2 | Women are better at dream reporting
What do these dreams about school actually involve? At the start of the school year, we asked teachers about their dreams and found that 1 in 5 had had an unpleasant dream… about the start of the new school year.
By contrast, only 1 in 20 had positive dreams about returning to work, with men 7% more likely to be in this group.
Are men less bothered by their jobs in general? We know they’re less likely to report crying at work, but broader research into dreaming shows men are generally worse at recalling and reporting their dreams, and often express greater discomfort when describing them to listeners.
Bad dreams about exam results were less frequent, reported by 6% of women and 7% of men; just 1% of women and 2% of men reported having good dreams about exam results.

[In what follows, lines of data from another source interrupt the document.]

(* Consider the remote-attestation Stackelberg game described in the context with device classes $\mathcal{E}_1,\dots,\mathcal{E}_n$ partitioning $\mathcal{D}$ and a single attestation method $m$. For each class $\mathcal{E}_i$, let $\vec p^*_i$ be an optimal attestation strategy for the game restricted to the devices of $\mathcal{E}_i$, given as follows: for $\delta\in\mathcal{E}_i$ let $\overline{\tau}_\delta=\frac{1}{\mu^m}\cdot\frac{C_A^\delta-G_A^\delta}{L_A^\delta-G_A^\delta}$ and $\tau_\delta=\frac{1}{\mu^m}\cdot\frac{C_A^{\mathcal{E}_i}+C_A^\delta-G_A^\delta}{L_A^\delta-G_A^\delta}$; let $(p^{\mathrm{ND}})_\delta^m=0$ if $C_D^m\ge(G_D^\delta-L_D^\delta)\mu^m$ and $\overline{\tau}_\delta\ge L_D^\delta/(-C_D^m)$, and $(p^{\mathrm{ND}})_\delta^m=\overline{\tau}_\delta$ otherwise; let $a^*_\delta=1$ if $(p^{\mathrm{ND}})_\delta^m<\overline{\tau}_\delta$ and $0$ otherwise; let $\vec p^{\mathrm{D}}=\operatorname{argmin}_{\{\vec p:\ U_A^{(i)}(\vec p,\vec 1)\le0\ \wedge\ \forall\delta\in\mathcal{E}_i\,(p_\delta^m\in[0,\tau_\delta])\}}\sum_{\delta\in\mathcal{E}_i}C_D^m p_\delta^m$; and the optimal strategy set for the restricted game is $\{\vec p^{\mathrm{ND}}\}$ if $U_D^{(i)}(\vec p^{\mathrm{ND}},\vec a^* )>U_D^{(i)}(\vec p^{\mathrm{D}},\vec 0)$, $\{\vec p^{\mathrm{ND}},\vec p^{\mathrm{D}}\}$ if these are equal, and $\{\vec p^{\mathrm{D}}\}$ otherwise, where $U_A^{(i)},U_D^{(i)}$ denote the utilities of the game restricted to $\mathcal{E}_i$. Then $\langle\vec p^*_1,\vec p^*_2,\dots,\vec p^*_n\rangle$ is an optimal attestation strategy for the full game.
   Context: Remote-attestation game: there is a finite set $\mathcal{D}$ of devices partitioned into pairwise disjoint device classes $\mathcal{E}_1,\dots,\mathcal{E}_n$, and a finite set $\mathcal{M}$ of attestation methods. Constants: for each method $m$, a detection probability $\mu^m$ and a defender cost $C_D^m$; for each device $\delta$, an attacker cost $C_A^\delta$; for each class $\mathcal{E}$, an attacker exploit-development cost $C_A^{\mathcal{E}}$; for each device $\delta$, defender gain $G_D^\delta$ and loss $L_D^\delta$, attacker gain $G_A^\delta$ and loss $L_A^\delta$ (losses are negative values), with $G_D^\delta=-L_A^\delta$ and $L_D^\delta=-G_A^\delta$. The defender chooses $\vec p=\langle p_\delta^m\rangle\in[0,1]^{|\mathcal{D}\times\mathcal{M}|}$; the attacker chooses $\vec a\in\{0,1\}^{|\mathcal{D}|}$. $P_\delta(\vec p)=1-\prod_m(1-\mu^m p_\delta^m)$; $C_D^T(\vec p)=\sum_\delta\sum_m C_D^m p_\delta^m$; $U_D(\vec p,\vec a)=\sum_\delta[G_D^\delta P_\delta(\vec p)+L_D^\delta(1-P_\delta(\vec p))]a_\delta-C_D^T(\vec p)$; $C_A^T(\vec a)=\sum_{\mathcal{E}}\big(C_A^{\mathcal{E}}1_{\{\exists\delta\in\mathcal{E}:a_\delta=1\}}+\sum_{\delta\in\mathcal{E}}C_A^\delta a_\delta\big)$; $U_A(\vec p,\vec a)=\sum_\delta[L_A^\delta P_\delta(\vec p)+G_A^\delta(1-P_\delta(\vec p))]a_\delta-C_A^T(\vec a)$. Attacker best response: $\mathcal{F}_A(\vec p)=\operatorname{argmax}_{\vec a}U_A(\vec p,\vec a)$. Defender's optimal strategy: $\vec p^*=\operatorname{argmax}_{\vec p,\ \vec a\in\mathcal{F}_A(\vec p)}U_D(\vec p,\vec a)$ (ties in the attacker's best response broken in favor of the defender). The game restricted to a class $\mathcal{E}_i$ is the same game with device set $\mathcal{E}_i$ (and that single class); $\vec 0,\vec 1$ are the all-zeros and all-ones attack vectors. *)

theory Defs
  imports Complex_Main
begin

record ('d,'m) ra_params =
  mu    :: "'m \<Rightarrow> real"
  CD    :: "'m \<Rightarrow> real"
  CAdev :: "'d \<Rightarrow> real"
  GD    :: "'d \<Rightarrow> real"
  LD    :: "'d \<Rightarrow> real"
  GA    :: "'d \<Rightarrow> real"
  LA    :: "'d \<Rightarrow> real"

definition devices :: "nat set \<Rightarrow> (nat \<Rightarrow> 'd set) \<Rightarrow> 'd set" where
  "devices I E = (\<Union>i\<in>I. E i)"

definition Pdet :: "('d,'m) ra_params \<Rightarrow> 'm set \<Rightarrow> ('d \<Rightarrow> 'm \<Rightarrow> real) \<Rightarrow> 'd \<Rightarrow> real" where
  "Pdet g M p \<delta> = 1 - (\<Prod>m\<in>M. 1 - mu g m * p \<delta> m)"

definition ind :: "bool \<Rightarrow> real" where
  "ind b = (if b then 1 else 0)"

definition CDT :: "('d,'m) ra_params \<Rightarrow> 'd set \<Rightarrow> 'm set \<Rightarrow> ('d \<Rightarrow> 'm \<Rightarrow> real) \<Rightarrow> real" where
  "CDT g D M p = (\<Sum>\<delta>\<in>D. \<Sum>m\<in>M. CD g m * p \<delta> m)"

definition UD :: "('d,'m) ra_params \<Rightarrow> nat set \<Rightarrow> (nat \<Rightarrow> 'd set) \<Rightarrow> 'm set
    \<Rightarrow> ('d \<Rightarrow> 'm \<Rightarrow> real) \<Rightarrow> ('d \<Rightarrow> bool) \<Rightarrow> real" where
  "UD g I E M p a =
     (\<Sum>\<delta>\<in>devices I E. (GD g \<delta> * Pdet g M p \<delta> + LD g \<delta> * (1 - Pdet g M p \<delta>)) * ind (a \<delta>))
     - CDT g (devices I E) M p"

definition CAT :: "('d,'m) ra_params \<Rightarrow> nat set \<Rightarrow> (nat \<Rightarrow> 'd set) \<Rightarrow> (nat \<Rightarrow> real)
    \<Rightarrow> ('d \<Rightarrow> bool) \<Rightarrow> real" where
  "CAT g I E CAE a =
     (\<Sum>i\<in>I. CAE i * ind (\<exists>\<delta>\<in>E i. a \<delta>) + (\<Sum>\<delta>\<in>E i. CAdev g \<delta> * ind (a \<delta>)))"

definition UA :: "('d,'m) ra_params \<Rightarrow> nat set \<Rightarrow> (nat \<Rightarrow> 'd set) \<Rightarrow> (nat \<Rightarrow> real) \<Rightarrow> 'm set
    \<Rightarrow> ('d \<Rightarrow> 'm \<Rightarrow> real) \<Rightarrow> ('d \<Rightarrow> bool) \<Rightarrow> real" where
  "UA g I E CAE M p a =
     (\<Sum>\<delta>\<in>devices I E. (LA g \<delta> * Pdet g M p \<delta> + GA g \<delta> * (1 - Pdet g M p \<delta>)) * ind (a \<delta>))
     - CAT g I E CAE a"

definition def_strats :: "'d set \<Rightarrow> 'm set \<Rightarrow> ('d \<Rightarrow> 'm \<Rightarrow> real) set" where
  "def_strats D M = {p. (\<forall>\<delta>\<in>D. \<forall>m\<in>M. 0 \<le> p \<delta> m \<and> p \<delta> m \<le> 1)
                       \<and> (\<forall>\<delta> m. \<delta> \<notin> D \<or> m \<notin> M \<longrightarrow> p \<delta> m = 0)}"

definition att_strats :: "'d set \<Rightarrow> ('d \<Rightarrow> bool) set" where
  "att_strats D = {a. \<forall>\<delta>. \<delta> \<notin> D \<longrightarrow> \<not> a \<delta>}"

definition best_resp :: "('d,'m) ra_params \<Rightarrow> nat set \<Rightarrow> (nat \<Rightarrow> 'd set) \<Rightarrow> (nat \<Rightarrow> real) \<Rightarrow> 'm set
    \<Rightarrow> ('d \<Rightarrow> 'm \<Rightarrow> real) \<Rightarrow> ('d \<Rightarrow> bool) set" where
  "best_resp g I E CAE M p =
     {a \<in> att_strats (devices I E). \<forall>a'\<in>att_strats (devices I E). UA g I E CAE M p a' \<le> UA g I E CAE M p a}"

text \<open>Optimal defender strategy: p is the first component of a maximiser of U_D over pairs (p,a)
  with a in F_A(p) (ties broken in favour of the defender).\<close>
definition optimal :: "('d,'m) ra_params \<Rightarrow> nat set \<Rightarrow> (nat \<Rightarrow> 'd set) \<Rightarrow> (nat \<Rightarrow> real) \<Rightarrow> 'm set
    \<Rightarrow> ('d \<Rightarrow> 'm \<Rightarrow> real) \<Rightarrow> bool" where
  "optimal g I E CAE M p \<longleftrightarrow>
     p \<in> def_strats (devices I E) M \<and>
     (\<exists>a\<in>best_resp g I E CAE M p.
        \<forall>p'\<in>def_strats (devices I E) M. \<forall>a'\<in>best_resp g I E CAE M p'.
           UD g I E M p' a' \<le> UD g I E M p a)"
(* Let $(X,\le)$ be a globally hyperbolic poset. A formal interval is a map $x:\{1,2\}\to X$ with $x(1)\le x(2)$. The set of formal intervals, ordered by $x\sqsubseteq y$ iff $x(1)\le y(1)$ and $y(2)\le x(2)$, is a domain (continuous dcpo) order-isomorphic to $\mathbf{I}X$, the set $\{[a,b]: a\le b\}$ of closed intervals $[a,b]=\{z: a\le z\le b\}$ of $X$ ordered by reverse inclusion.
   Context: For a poset $(P,\sqsubseteq)$: a nonempty $S\subseteq P$ is directed if any two elements have an upper bound in $S$, filtered if any two have a lower bound in $S$; $\bigsqcup S$, $\bigwedge S$ denote supremum/infimum. $x\ll y$ iff for every directed $S$ with a supremum, $y\sqsubseteq\bigsqcup S$ implies $x\sqsubseteq s$ for some $s\in S$. $\Downarrow x=\{a:a\ll x\}$, $\Uparrow x=\{a:x\ll a\}$. $P$ is continuous if it has a subset $B$ such that for every $x$, $B\cap\Downarrow x$ contains a directed set with supremum $x$. A domain is a continuous poset in which every directed set has a supremum. A continuous poset is bicontinuous if (1) $x\ll y$ iff for every filtered $S$ having an infimum, $\bigwedge S\sqsubseteq x$ implies $s\sqsubseteq y$ for some $s\in S$; and (2) each $\Uparrow x$ is filtered with infimum $x$. The interval topology of a bicontinuous poset has basis the sets $\{z: a\ll z\ll b\}$. A globally hyperbolic poset is a bicontinuous poset in which every closed interval $[a,b]$ is compact in the interval topology. *)

theory Defs
  imports "HOL-Analysis.Analysis"
begin
(* For all positive rationals $p<q<1$, $p\text{-}\mathsf{WWKL}\nleq_{\mathrm{W}} q\text{-}\mathsf{WWKL}$.
   Context: For a positive rational $q<1$, $q\text{-}\mathsf{WWKL}$ is the problem whose instances are subtrees $T$ of $2^{<\omega}$ with $|\{\sigma\in 2^n:\sigma\in T\}|/2^n\geq q$ for all $n$, and whose solutions are the infinite paths through $T$. $\mathsf{P}\leq_{\mathrm{W}}\mathsf{Q}$ means there are Turing functionals $\Phi,\Psi$ such that for every instance $A$ of $\mathsf{P}$, $\Phi(A)$ is an instance of $\mathsf{Q}$, and for every solution $T$ to $\Phi(A)$, $\Psi(A\oplus T)$ is a solution to $A$. *)

theory Defs
  imports Complex_Main
begin

datatype recf = Zero | Succ | Proj nat | Comp recf "recf list" | Prec recf recf
  | Mu recf | Orc

inductive eval :: "(nat \<Rightarrow> nat) \<Rightarrow> recf \<Rightarrow> nat list \<Rightarrow> nat \<Rightarrow> bool" for X where
  eval_Zero: "eval X Zero xs 0"
| eval_Succ: "eval X Succ (x # xs) (Suc x)"
| eval_Proj: "i < length xs \<Longrightarrow> eval X (Proj i) xs (xs ! i)"
| eval_Orc: "eval X Orc (x # xs) (X x)"
| eval_Comp: "list_all2 (\<lambda>g y. eval X g xs y) gs ys \<Longrightarrow> eval X f ys z \<Longrightarrow> eval X (Comp f gs) xs z"
| eval_Prec0: "eval X f xs y \<Longrightarrow> eval X (Prec f g) (0 # xs) y"
| eval_PrecS: "eval X (Prec f g) (n # xs) y \<Longrightarrow> eval X g (n # y # xs) z
     \<Longrightarrow> eval X (Prec f g) (Suc n # xs) z"
| eval_Mu: "eval X f (n # xs) 0 \<Longrightarrow> (\<forall>m<n. \<exists>y. 0 < y \<and> eval X f (m # xs) y)
     \<Longrightarrow> eval X (Mu f) xs n"

definition computes :: "recf \<Rightarrow> (nat \<Rightarrow> nat) \<Rightarrow> (nat \<Rightarrow> nat) \<Rightarrow> bool" where
  "computes e X g \<longleftrightarrow> (\<forall>n. eval X e [n] (g n))"

definition join :: "(nat \<Rightarrow> nat) \<Rightarrow> (nat \<Rightarrow> nat) \<Rightarrow> (nat \<Rightarrow> nat)" where
  "join A B = (\<lambda>n. if even n then A (n div 2) else B (n div 2))"

text \<open>A problem: set of (codes of) instances, and for each instance its set of (codes of) solutions.\<close>
type_synonym problem = "(nat \<Rightarrow> nat) set \<times> ((nat \<Rightarrow> nat) \<Rightarrow> (nat \<Rightarrow> nat) set)"

definition weihrauch_le :: "problem \<Rightarrow> problem \<Rightarrow> bool" where
  "weihrauch_le P Q \<longleftrightarrow> (\<exists>\<Phi> \<Psi>. \<forall>A \<in> fst P. \<exists>B. computes \<Phi> A B \<and> B \<in> fst Q \<and>
      (\<forall>T \<in> snd Q B. \<exists>C. computes \<Psi> (join A T) C \<and> C \<in> snd P A))"

text \<open>Bijective coding of binary strings by natural numbers (bijective base 2).\<close>
primrec str_code :: "bool list \<Rightarrow> nat" where
  "str_code [] = 0"
| "str_code (b # s) = 2 * str_code s + (if b then 2 else 1)"

definition is_tree :: "bool list set \<Rightarrow> bool" where
  "is_tree T \<longleftrightarrow> (\<forall>s t. s @ t \<in> T \<longrightarrow> s \<in> T)"

definition is_path :: "bool list set \<Rightarrow> (nat \<Rightarrow> bool) \<Rightarrow> bool" where
  "is_path T f \<longleftrightarrow> (\<forall>n. map f [0..<n] \<in> T)"

definition tree_oracle :: "bool list set \<Rightarrow> nat \<Rightarrow> nat" where
  "tree_oracle T = (\<lambda>n. if \<exists>s\<in>T. n = str_code s then 1 else 0)"

definition path_oracle :: "(nat \<Rightarrow> bool) \<Rightarrow> nat \<Rightarrow> nat" where
  "path_oracle f = (\<lambda>n. if f n then 1 else 0)"

definition wwkl_tree :: "rat \<Rightarrow> bool list set \<Rightarrow> bool" where
  "wwkl_tree q T \<longleftrightarrow> is_tree T \<and>
     (\<forall>n. q \<le> of_nat (card {s \<in> T. length s = n}) / 2 ^ n)"

definition qWWKL :: "rat \<Rightarrow> problem" where
  "qWWKL q = ({tree_oracle T | T. wwkl_tree q T},
     \<lambda>X. {path_oracle f | f T. X = tree_oracle T \<and> wwkl_tree q T \<and> is_path T f})"

end

theory Submission
  imports Defs
begin
lemma eulerB_step_gamma_basis:
  assumes "2 * i \<le> m"
  shows "eulerB_step m (X ^ i * (1 + X) ^ (m - 2 * i)) =
    smult (of_nat (2 * i + 1)) (X ^ i * (1 + X) ^ (Suc m - 2 * i)) +
    smult (of_nat (4 * (m - 2 * i))) (X ^ Suc i * (1 + X) ^ (Suc m - 2 * Suc i))"
proof -
  obtain k where "m = k + 2 * i"
    using assms le_Suc_ex by (metis add.commute)
  then have k: "m - 2 * i = k" "Suc m - 2 * i = Suc k" "Suc m - 2 * Suc i = k - 1"
    by auto
  have "eulerB_step m (X ^ i * (1 + X) ^ k) =
      of_nat (2 * i + 1) * (X ^ i * (1 + X) ^ Suc k) + of_nat (4 * k) * (X ^ Suc i * (1 + X) ^ (k - 1))"
  proof (cases k)
    case 0
    then show ?thesis
      by (simp add: \<open>m = k + 2 * i\<close> eulerB_step_altdef X_times_pderiv_X_power) (simp add: algebra_simps)
  next
    case (Suc l)
    have pderiv_power: "pderiv ((1 + X) ^ Suc l) = of_nat (Suc l) * (1 + X) ^ l"
      by (simp add: pderiv_power_Suc pderiv_add of_nat_poly del: power_Suc of_nat_Suc)
    have "X * pderiv (X ^ i * (1 + X) ^ Suc l) =
        X ^ i * (X * (of_nat (Suc l) * (1 + X) ^ l)) + (1 + X) ^ Suc l * (X * pderiv (X ^ i))"
      unfolding pderiv_mult pderiv_power by (simp only: distrib_left mult_ac)
    also have "\<dots> = (of_nat i * (1 + X) + of_nat (Suc l) * X) * (X ^ i * (1 + X) ^ l)"
      by (simp add: X_times_pderiv_X_power algebra_simps)
    finally have X_times_pderiv: "X * pderiv (X ^ i * (1 + X) ^ Suc l) =
        (of_nat i * (1 + X) + of_nat (Suc l) * X) * (X ^ i * (1 + X) ^ l)" .
    show ?thesis
      unfolding \<open>m = k + 2 * i\<close> Suc eulerB_step_altdef X_times_pderiv by (simp add: algebra_simps)
  qed
  then show ?thesis
    unfolding k by (simp only: of_nat_mult_conv_smult)
qed
lift_definition uminus_q2 :: "q2 \<Rightarrow> q2" is uminus
proof -
  fix a b :: "int fls"
  assume "q2_rel a b"
  then have "(fls_X - 2) dvd (-(a - b))" unfolding q2_rel_def by (simp only: dvd_minus_iff)
  then show "q2_rel (- a) (- b)" unfolding q2_rel_def by (simp add: algebra_simps)
qed

lift_definition minus_q2 :: "q2 \<Rightarrow> q2 \<Rightarrow> q2" is "(-)"
proof -
  fix a b c d :: "int fls"
  assume "q2_rel a b" "q2_rel c d"
  then have "(fls_X - 2) dvd ((a - b) - (c - d))" unfolding q2_rel_def by (rule dvd_diff)
  then show "q2_rel (a - c) (b - d)" unfolding q2_rel_def by (simp add: algebra_simps)
qed

lift_definition times_q2 :: "q2 \<Rightarrow> q2 \<Rightarrow> q2" is "(*)"
proof -
  fix a b c d :: "int fls"
  assume ab: "q2_rel a b" and cd: "q2_rel c d"
  have "(fls_X - 2) dvd (a * (c - d) + (a - b) * d)"
    using ab cd unfolding q2_rel_def by (intro dvd_add dvd_mult dvd_mult2)
  then show "q2_rel (a * c) (b * d)" unfolding q2_rel_def by (simp add: algebra_simps)
qed

instance
proof
  fix a b c :: q2
  show "a * b * c = a * (b * c)" by transfer (simp add: algebra_simps q2_rel_def)
  show "a * b = b * a" by transfer (simp add: algebra_simps q2_rel_def)
  show "1 * a = a" by transfer (simp add: algebra_simps q2_rel_def)
  show "a + b + c = a + (b + c)" by transfer (simp add: algebra_simps q2_rel_def)
  show "a + b = b + a" by transfer (simp add: algebra_simps q2_rel_def)
  show "0 + a = a" by transfer (simp add: algebra_simps q2_rel_def)
  show "- a + a = 0" by transfer (simp add: algebra_simps q2_rel_def)
  show "a - b = a + - b" by transfer (simp add: algebra_simps q2_rel_def)
  show "(a + b) * c = a * c + b * c" by transfer (simp add: algebra_simps q2_rel_def)
  show "(0::q2) \<noteq> 1"
  proof transfer
    show "\<not> q2_rel 0 1"
    proof
      assume "q2_rel 0 1"
      then obtain g :: "int fls" where g: "1 = (fls_X - 2) * g"
        unfolding q2_rel_def by (auto elim: dvdE)
      then have "g \<noteq> 0" by auto
      define m where "m = fls_subdegree g"
      have "fls_nth ((fls_X - 2) * g) m = fls_nth g (m - 1) - 2 * fls_nth g m"
        using fls_mult_of_int_nth(1)[of 2 g m]
        by (simp add: algebra_simps fls_X_times_conv_shift)
      also have "fls_nth g (m - 1) = 0" unfolding m_def by simp
      finally have eq: "fls_nth (1::int fls) m = - 2 * fls_nth g m" using g by simp
      have nz: "fls_nth g m \<noteq> 0" unfolding m_def using \<open>g \<noteq> 0\<close> by simp
      show False
      proof (cases "m = 0")
        case True
        then have "(1::int) = - 2 * fls_nth g m" using eq by simp
        then have "(2::int) dvd 1" by (metis dvd_triv_left minus_mult_commute)
        then show False by simp
      next
        case False
        then show False using eq nz by simp
      qed
    qed
  qed
qed

end

definition Z2 :: "q2 set" where
  "Z2 = abs_q2 ` {f. 0 \<le> fls_subdegree f}"

definition Z2_units :: "q2 set" where
  "Z2_units = {x \<in> Z2. \<exists>y \<in> Z2. x * y = 1}"

definition Q2_sq :: "q2 set" where
  "Q2_sq = {y * y | y. y \<noteq> 0}"

definition Z2_sq :: "q2 set" where
  "Z2_sq = {y * y | y. y \<in> Z2_units}"

definition q2_inv :: "q2 \<Rightarrow> q2" where
  "q2_inv x = (SOME y. x * y = 1)"

text \<open>Hilbert symbol of Q_2 (for nonzero arguments).\<close>

definition hilbert2 :: "q2 \<Rightarrow> q2 \<Rightarrow> int" where
  "hilbert2 x y =
     (if \<exists>X Y Z. (X, Y, Z) \<noteq> (0, 0, 0) \<and> x * X^2 + y * Y^2 = Z^2 then 1 else -1)"

text \<open>Quat x0 x1 x2 x3 = x0 + x1 i + x2 j + x3 ij.\<close>

datatype quat = Quat q2 q2 q2 q2

fun qadd :: "quat \<Rightarrow> quat \<Rightarrow> quat" where
  "qadd (Quat x0 x1 x2 x3) (Quat y0 y1 y2 y3) = Quat (x0 + y0) (x1 + y1) (x2 + y2) (x3 + y3)"

fun qsub :: "quat \<Rightarrow> quat \<Rightarrow> quat" where
  "qsub (Quat x0 x1 x2 x3) (Quat y0 y1 y2 y3) = Quat (x0 - y0) (x1 - y1) (x2 - y2) (x3 - y3)"

fun qscale :: "q2 \<Rightarrow> quat \<Rightarrow> quat" where
  "qscale c (Quat x0 x1 x2 x3) = Quat (c * x0) (c * x1) (c * x2) (c * x3)"

text \<open>Multiplication with i^2 = 2, j^2 = 5, ij = -ji.\<close>

fun qmul :: "quat \<Rightarrow> quat \<Rightarrow> quat" where
  "qmul (Quat x0 x1 x2 x3) (Quat y0 y1 y2 y3) =
     Quat (x0*y0 + 2*x1*y1 + 5*x2*y2 - 10*x3*y3)
          (x0*y1 + x1*y0 - 5*x2*y3 + 5*x3*y2)
          (x0*y2 + x2*y0 + 2*x1*y3 - 2*x3*y1)
          (x0*y3 + x3*y0 + x1*y2 - x2*y1)"

fun qconj :: "quat \<Rightarrow> quat" where
  "qconj (Quat x0 x1 x2 x3) = Quat x0 (- x1) (- x2) (- x3)"

text \<open>Reduced norm N(q) = q * conj q.\<close>

fun qnorm :: "quat \<Rightarrow> q2" where
  "qnorm (Quat x0 x1 x2 x3) = x0^2 - 2*x1^2 - 5*x2^2 + 10*x3^2"

fun pure :: "quat \<Rightarrow> bool" where
  "pure (Quat x0 x1 x2 x3) \<longleftrightarrow> x0 = 0"

definition q_one :: quat where "q_one = Quat 1 0 0 0"
definition q_i :: quat where "q_i = Quat 0 1 0 0"
definition q_omega :: quat where "q_omega = Quat (q2_inv 2) 0 (q2_inv 2) 0"

definition OD_elem :: "q2 \<Rightarrow> q2 \<Rightarrow> q2 \<Rightarrow> q2 \<Rightarrow> quat" where
  "OD_elem a b c d =
     qadd (qadd (qscale a q_one) (qscale b q_omega))
          (qadd (qscale c q_i) (qscale d (qmul q_i q_omega)))"

definition O_D :: "quat set" where
  "O_D = {OD_elem a b c d | a b c d. a \<in> Z2 \<and> b \<in> Z2 \<and> c \<in> Z2 \<and> d \<in> Z2}"

definition star_conditions :: "quat \<Rightarrow> nat \<Rightarrow> quat \<Rightarrow> bool" where
  "star_conditions a1 t r \<longleftrightarrow>
     (let z = qsub a1 (qmul (qmul r a1) (qconj r)) in
        hilbert2 (qnorm (qsub q_one r)) (- qnorm a1) = -1 \<and>
        qnorm z * qnorm a1 \<in> Q2_sq \<and>
        qnorm z * q2_inv (qnorm (qscale (2 ^ t) a1)) \<in> Z2)"

end

theory Submission
  imports Defs
begin

text \<open>Both sides of the equivalence are false: for \<open>t \<ge> 3\<close> no quaternion at all satisfies
  the star conditions.  Write \<open>N = N(a\<^sub>1)\<close> and \<open>d = -N\<close>; the hypothesis on \<open>u\<close> says
  \<open>d \<in> -\<rat>\<^sub>2\<^sup>*\<^sup>2 \<union> -5\<rat>\<^sub>2\<^sup>*\<^sup>2\<close>, so by Hensel every element of \<open>1 + 4\<int>\<^sub>2\<close> is a norm
  from \<open>\<rat>\<^sub>2(\<surd>d)\<close>.  For \<open>r = r\<^sub>0 + r'\<close> one computes
  \<open>N(z)/N = (1 + N(r))\<^sup>2 - 4A\<close> with \<open>A = r\<^sub>0\<^sup>2 - d (b/N)\<^sup>2\<close>, \<open>b\<close> the polar form of \<open>a\<^sub>1\<close>
  and \<open>r'\<close>; the star conditions make this a square \<open>s\<^sup>2\<close> with \<open>8 | s\<close>.  Splitting the
  quadratic \<open>L\<^sup>2 - (1 + N(r))L + A\<close> with \<open>s\<close> and comparing 2-adic valuations shows that
  \<open>N(1 - r)\<close> or \<open>A - N(r)\<close> is a norm.  The first is excluded by the Hilbert symbol; if the
  second is a norm, the anisotropy of the norm form of \<open>D\<close> forces it to vanish, which
  again makes \<open>N(1 - r)\<close> a norm.\<close>

section \<open>The 2-adic integers as images of integer power series\<close>

definition q2_of_fps :: "int fps \<Rightarrow> q2" where
  "q2_of_fps F = abs_q2 (fps_to_fls F)"

lemma q2_of_fps_add [simp]: "q2_of_fps (F + G) = q2_of_fps F + q2_of_fps G"
  by (simp add: q2_of_fps_def plus_q2.abs_eq)

lemma q2_of_fps_mult [simp]: "q2_of_fps (F * G) = q2_of_fps F * q2_of_fps G"
  by (simp add: q2_of_fps_def times_q2.abs_eq fls_times_fps_to_fls)

lemma q2_of_fps_diff [simp]: "q2_of_fps (F - G) = q2_of_fps F - q2_of_fps G"
  by (simp add: q2_of_fps_def minus_q2.abs_eq)

lemma q2_of_fps_uminus [simp]: "q2_of_fps (- F) = - q2_of_fps F"
  by (simp add: q2_of_fps_def uminus_q2.abs_eq)

lemma q2_of_fps_0 [simp]: "q2_of_fps 0 = 0"
  by (simp add: q2_of_fps_def zero_q2.abs_eq)

lemma q2_of_fps_1 [simp]: "q2_of_fps 1 = 1"
  by (simp add: q2_of_fps_def one_q2.abs_eq)

lemma q2_of_fps_power [simp]: "q2_of_fps (F ^ n) = q2_of_fps F ^ n"
  by (induction n) simp_all

lemma abs_q2_fls_X: "abs_q2 fls_X = 2"
proof -
  have "abs_q2 fls_X = abs_q2 (1 + 1)"
    by (simp add: q2.abs_eq_iff q2_rel_def)
  also have "\<dots> = 1 + 1"
    by (simp only: plus_q2.abs_eq[symmetric] one_q2.abs_eq)
  finally show ?thesis by simp
qed

lemma q2_of_fps_X [simp]: "q2_of_fps fps_X = 2"
  by (simp add: q2_of_fps_def abs_q2_fls_X)

lemma q2_of_fps_of_nat [simp]: "q2_of_fps (of_nat n) = of_nat n"
  by (induction n) simp_all

lemma q2_of_fps_of_int [simp]: "q2_of_fps (of_int m) = of_int m"
  by (cases m rule: int_cases) (simp_all del: of_nat_Suc add: of_nat_Suc[symmetric])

3 | ‘Dream lessons’ are a patchwork of pedagogies
Turning to reality, the three most popular features of a ‘dream’ or ‘ideal’ lesson, according to teachers, involve students following instructions the first time, every student meeting their lesson objective and the teacher knowing exactly where the lesson is going, all the way through.
Analysed by teaching subject, maths teachers are most likely to want a silent classroom with students completing lots of practice questions, but less likely than nearly all other secondary subjects to insist on knowing exactly where a lesson is going. Are maths teachers more open to improvisation than we realise?
Science teachers are the most likely to want their subject to relate to students’ lives, while language teachers have the highest preference for group work.
Those who find arts lessons to be noisy and chaotic should meanwhile seek out the 10% of arts teachers who say their ideal lesson is one in which the students mostly work in silence.